Es gibt mehrere Sätze fossiler Fußabdrücke, die vermutlich zu Gastornis gehören. Ein Satz von Fußabdrücken wurde im 19. Jahrhundert, ab 1859, aus dem Gips des späten Eozäns in Montmorency und anderen Orten des Pariser Beckens entdeckt. Diese zunächst von Jules Desnoyers und später von Alphonse Milne-Edwards beschriebenen Spurenfossilien wurden von den französischen Geologen des späten 19. Jahrhunderts gefeiert. Sie wurden von Charles Lyell in seinen Elementen der Geologie als Beispiel für die Unvollständigkeit des Fossilnachweises diskutiert – es waren keine Knochen in Verbindung mit den Fußabdrücken gefunden worden. Leider sind diese schönen Exemplare, die manchmal sogar Details der Hautstruktur enthielten, heute verloren. Sie wurden in das Muséum national d’histoire naturelle gebracht, als Desnoyers dort zu arbeiten begann, und die letzte dokumentierte Aufzeichnung über sie betrifft ihre Anwesenheit in der geologischen Ausstellung des MNHN im Jahr 1912. Der größte dieser Fußabdrücke bestand zwar nur aus einem einzigen Zehenabdruck, war aber 40 cm lang. Die großen Fußabdrücke aus dem Pariser Becken lassen sich ebenfalls in große und einfach große Exemplare unterteilen, ähnlich wie die Eierschalen aus Südfrankreich, die 20 Millionen Jahre älter sind.

Ein weiterer Fußabdruck besteht aus einem einzigen Abdruck, der noch immer existiert, obwohl er sich als noch umstrittener erwiesen hat. Er wurde in Gesteinen der Puget-Gruppe aus dem späten Eozän im Green-River-Tal bei Black Diamond, Washington, gefunden. Nach seiner Entdeckung erregte er im Mai-Juli 1992 in der Gegend von Seattle großes Interesse und war Gegenstand von mindestens zwei längeren Artikeln in der Seattle Times. Dieser scheinbare Abdruck eines einzelnen Vogelfußes, der entweder als Fälschung oder als echt deklariert wurde, ist etwa 27 cm breit und 32 cm lang und hat keinen Hallux (Hinterzeh); er wurde als Ichnotaxon Ornithoformipes controversus beschrieben. Vierzehn Jahre nach der ersten Entdeckung war die Debatte über die Echtheit des Fundes noch immer ungelöst. Das Exemplar befindet sich heute an der Western Washington University.
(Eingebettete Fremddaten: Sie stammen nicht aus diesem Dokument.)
lemma gagliardo_p_eq_0_imp_constant:
  fixes \<phi> :: "'a::euclidean_space \<Rightarrow> real"
  assumes p: "0 \<le> p" and s: "0 \<le> s" and cont: "continuous_on UNIV \<phi>"
    and zero: "gagliardo_p s p \<phi> = 0"
  shows "\<phi> a = \<phi> b"
proof (rule ccontr)
  assume "\<phi> a \<noteq> \<phi> b"
  define c where "c = \<bar>\<phi> a - \<phi> b\<bar> / 3"
  have c: "0 < c"
    using \<open>\<phi> a \<noteq> \<phi> b\<close> by (simp add: c_def)
  obtain ra where ra: "0 < ra" "\<And>y. dist y a < ra \<Longrightarrow> dist (\<phi> y) (\<phi> a) < c"
    using cont c unfolding continuous_on_iff by blast
  obtain rb where rb: "0 < rb" "\<And>y. dist y b < rb \<Longrightarrow> dist (\<phi> y) (\<phi> b) < c"
    using cont c unfolding continuous_on_iff by blast
  define r where "r = min 1 (min ra rb)"
  define q where "q = real DIM('a) + s * p"
  define R where "R = dist a b + 2"
  define c' where "c' = c powr p / R powr q"
  have "0 < R"
    by (simp add: R_def add_nonneg_pos)
  then have "0 < c'"
    using c by (simp add: c'_def)
  have lower_bound: "c' \<le> \<bar>\<phi> x - \<phi> y\<bar> powr p / dist x y powr q"
    if "x \<in> ball a r" "y \<in> ball b r" for x y
  proof -
    have "dist x a < 1" "dist x a < ra" "dist y b < 1" "dist y b < rb"
      using that by (auto simp: r_def dist_commute)
    then have "\<bar>\<phi> x - \<phi> a\<bar> < c" "\<bar>\<phi> y - \<phi> b\<bar> < c"
      using ra(2) rb(2) by (auto simp: dist_real_def)
    then have far: "c \<le> \<bar>\<phi> x - \<phi> y\<bar>"
      unfolding c_def by argo
    have "dist x y \<le> R"
      using dist_triangle[of x y a] dist_triangle[of a y b] \<open>dist x a < 1\<close> \<open>dist y b < 1\<close>
      unfolding R_def by (simp add: dist_commute)
    moreover have "0 < dist x y"
      using far c by auto
    ultimately show ?thesis
      unfolding c'_def using far c p s by (intro frac_le powr_mono2) (auto simp: q_def)
  qed
  have "ennreal c' * emeasure lborel (ball a r \<times> ball b r) =
        (\<integral>\<^sup>+xy. ennreal c' * indicator (ball a r \<times> ball b r) xy \<partial>lborel)"
    by (rule nn_integral_cmult_indicator[symmetric]) (simp add: open_Times)
  also have "\<dots> \<le> gagliardo_p s p \<phi>"
    unfolding gagliardo_p_def
    by (intro nn_integral_mono)
      (auto simp: indicator_def intro!: ennreal_leI lower_bound[unfolded q_def])
  finally show False
    using zero \<open>0 < c'\<close> emeasure_lborel_ball_times_ball_pos[of r r a b] ra rb
    by (simp add: r_def ennreal_zero_less_mult_iff)
qed

lemma gagliardo_p_le_frac_p_form:
  fixes U :: "'a::euclidean_space \<Rightarrow> real"
  assumes p: "1 \<le> p" and U: "U \<in> Wsp s p" and mono: "mono \<psi>"
    and lip: "\<And>a b. \<bar>\<psi> a - \<psi> b\<bar> \<le> \<bar>a - b\<bar>"
  shows "gagliardo_p s p (\<lambda>x. \<psi> (U x)) \<le> ennreal (frac_p_form s p U (\<lambda>x. \<psi> (U x)))"
proof -
  define \<phi> where "\<phi> = (\<lambda>x. \<psi> (U x))"
  define D where "D = (\<lambda>xy::'a \<times> 'a. dist (fst xy) (snd xy) powr (real DIM('a) + s * p))"
  define f where "f = (\<lambda>xy. Jp p (U (fst xy) - U (snd xy)) * (\<phi> (fst xy) - \<phi> (snd xy)) / D xy)"
  define g where "g = (\<lambda>xy. \<bar>\<phi> (fst xy) - \<phi> (snd xy)\<bar> powr p / D xy)"
  define h where "h = (\<lambda>xy. \<bar>U (fst xy) - U (snd xy)\<bar> powr p / D xy)"
  have bounds: "g xy \<le> f xy \<and> f xy \<le> h xy" for xy
  proof -
    let ?t = "\<phi> (fst xy) - \<phi> (snd xy)" and ?u = "U (fst xy) - U (snd xy)"
    have "0 \<le> ?t * ?u" "\<bar>?t\<bar> \<le> \<bar>?u\<bar>"
      unfolding \<phi>_def by (simp_all only: mono_diff_mult_nonneg[OF mono] lip)
    from Jp_mult_bounds[OF p this] show ?thesis
      unfolding f_def g_def h_def by (simp add: divide_right_mono D_def)
  qed
  have g_nonneg: "0 \<le> g xy" for xy
    by (simp add: g_def D_def)
  have f_nonneg: "0 \<le> f xy" for xy
    using bounds[of xy] g_nonneg[of xy] by linarith
  have "\<phi> \<in> Wsp s p"
    unfolding \<phi>_def using p by (intro Wsp_compose_lipschitz[OF _ U lip]) auto
  then have [measurable]: "\<phi> \<in> borel_measurable borel" "U \<in> borel_measurable borel"
    using U by (auto simp: Wsp_def intro: borel_measurable_continuous_onI)
  have f_meas: "f \<in> borel_measurable lborel"
    unfolding f_def D_def Jp_def lborel_prod[symmetric] by measurable
  have h_meas: "h \<in> borel_measurable lborel"
    unfolding h_def D_def lborel_prod[symmetric] by measurable
  have "(\<integral>\<^sup>+xy. ennreal (h xy) \<partial>lborel) < \<infinity>"
    using U unfolding Wsp_def gagliardo_p_def h_def D_def by simp
  then have "integrable lborel h"
    by (intro integrableI_nonneg[OF h_meas] AE_I2) (simp add: h_def D_def)
  then have "integrable lborel f"
    by (rule Bochner_Integration.integrable_bound[OF _ f_meas])
      (use bounds f_nonneg in \<open>auto intro!: AE_I2 intro: order_trans[OF _ abs_ge_self]\<close>)
  then have "(\<integral>\<^sup>+xy. ennreal (f xy) \<partial>lborel) = ennreal (\<integral>xy. f xy \<partial>lborel)"
    by (rule nn_integral_eq_integral) (simp add: f_nonneg)
  moreover have "gagliardo_p s p \<phi> \<le> (\<integral>\<^sup>+xy. ennreal (f xy) \<partial>lborel)"
    unfolding gagliardo_p_def using bounds
    by (intro nn_integral_mono ennreal_leI) (simp add: g_def D_def)
  ultimately show ?thesis
    by (simp add: \<phi>_def f_def D_def frac_p_form_def)
qed

lemma frac_p_laplace_truncation_vanishes:
  fixes U :: "'a::euclidean_space \<Rightarrow> real"
  assumes p: "1 \<le> p" and s: "0 \<le> s"
    and sol: "frac_p_laplace_weak_solution s p U M1 M2"
    and M1: "AE x in M1. x \<in> K" and M2: "AE x in M2. x \<in> K" and "k \<in> K"
    and mono: "mono \<psi>" and lip: "\<And>a b. \<bar>\<psi> a - \<psi> b\<bar> \<le> \<bar>a - b\<bar>"
    and zero_on_K: "\<And>y. y \<in> K \<Longrightarrow> \<psi> (U y) = 0"
  shows "\<psi> (U x) = 0"
proof -
  from sol have U: "U \<in> Wsp s p"
    and weak_eq: "\<And>\<phi>. \<phi> \<in> Wsp s p \<Longrightarrow>
      frac_p_form s p U \<phi> = (\<integral>x. \<phi> x \<partial>M1) - (\<integral>x. \<phi> x \<partial>M2)"
    by (auto simp: frac_p_laplace_weak_solution_def)
  have \<phi>: "(\<lambda>x. \<psi> (U x)) \<in> Wsp s p"
    using p by (intro Wsp_compose_lipschitz[OF _ U lip]) auto
  have "(\<integral>x. \<psi> (U x) \<partial>M1) = 0" "(\<integral>x. \<psi> (U x) \<partial>M2) = 0"
    by (rule integral_eq_zero_AE; use M1 M2 zero_on_K in auto)+
  then have "frac_p_form s p U (\<lambda>x. \<psi> (U x)) = 0"
    using weak_eq[OF \<phi>] by simp
  then have "gagliardo_p s p (\<lambda>x. \<psi> (U x)) = 0"
    using gagliardo_p_le_frac_p_form[OF p U mono lip] by simp
  then have "\<psi> (U x) = \<psi> (U k)"
    using p s \<phi> by (intro gagliardo_p_eq_0_imp_constant) (auto simp: Wsp_def)
  then show ?thesis
    using zero_on_K[OF \<open>k \<in> K\<close>] by simp
qed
Vermeintliche Gastornis-Federn, die sich als Pflanzenmaterial entpuppten

Das Problem mit diesen frühen Spurenfossilien ist, dass kein Fossil von Gastornis gefunden wurde, das jünger als etwa 45 Millionen Jahre ist. Der rätselhafte „Diatryma“ cotei ist aus Überresten bekannt, die fast so alt sind wie die Fußabdrücke aus dem Pariser Becken (deren Datum nie genau bestimmt werden konnte), aber in Nordamerika scheint der Fossilnachweis von eindeutigen Gastornithiden noch früher zu enden als in Europa. Im Jahr 2009 wurden jedoch bei einem Erdrutsch in der Nähe von Bellingham, Washington, mindestens 18 Spuren auf 15 Blöcken in der eozänen Chuckanut-Formation freigelegt. Die Anatomie und das Alter (ca. 53,7 Mio. Jahre) der Fährten lassen vermuten, dass der Fährtenleger ein Gastornis war. Obwohl diese Vögel lange Zeit als Raubtiere oder Aasfresser angesehen wurden, unterstützt das Fehlen von raubvogelähnlichen Krallen frühere Vermutungen, dass sie Pflanzenfresser waren. Die Chuckanut-Fährten werden als Ichnotaxon Rivavipes giantess bezeichnet, die der ausgestorbenen Familie Gastornithidae angehören. Mindestens 10 der Spuren sind an der Western Washington University ausgestellt.

Federn

Zeichnung einer wahrscheinlichen Gastornis-Feder aus der Green River Formation. Von Darren Naish

Das Gefieder von Gastornis wurde in der Kunst im Allgemeinen als haarähnlicher Überzug dargestellt, ähnlich wie bei einigen Laufvögeln. Dies stützt sich zum Teil auf einige faserige Stränge, die aus einer Lagerstätte der Green River Formation in Roan Creek, Colorado, geborgen wurden und von denen man zunächst annahm, dass sie Gastornis-Federn darstellen und die den Namen Diatryma filifera erhielten. Spätere Untersuchungen ergaben, dass es sich bei den vermeintlichen Federn gar nicht um Federn, sondern um Pflanzenfasern handelte.

Inzwischen wurde jedoch eine zweite mögliche Gastornis-Feder identifiziert, ebenfalls aus der Green River Formation. Im Gegensatz zu dem fadenförmigen Pflanzenmaterial ähnelt diese einzelne isolierte Feder den Körperfedern von fliegenden Vögeln, da sie breit und geschwungen ist. Sie wurde aufgrund ihrer Größe vorläufig als mögliche Gastornis-Feder identifiziert; die Feder war 240 mm lang und muss zu einem riesigen Vogel gehört haben.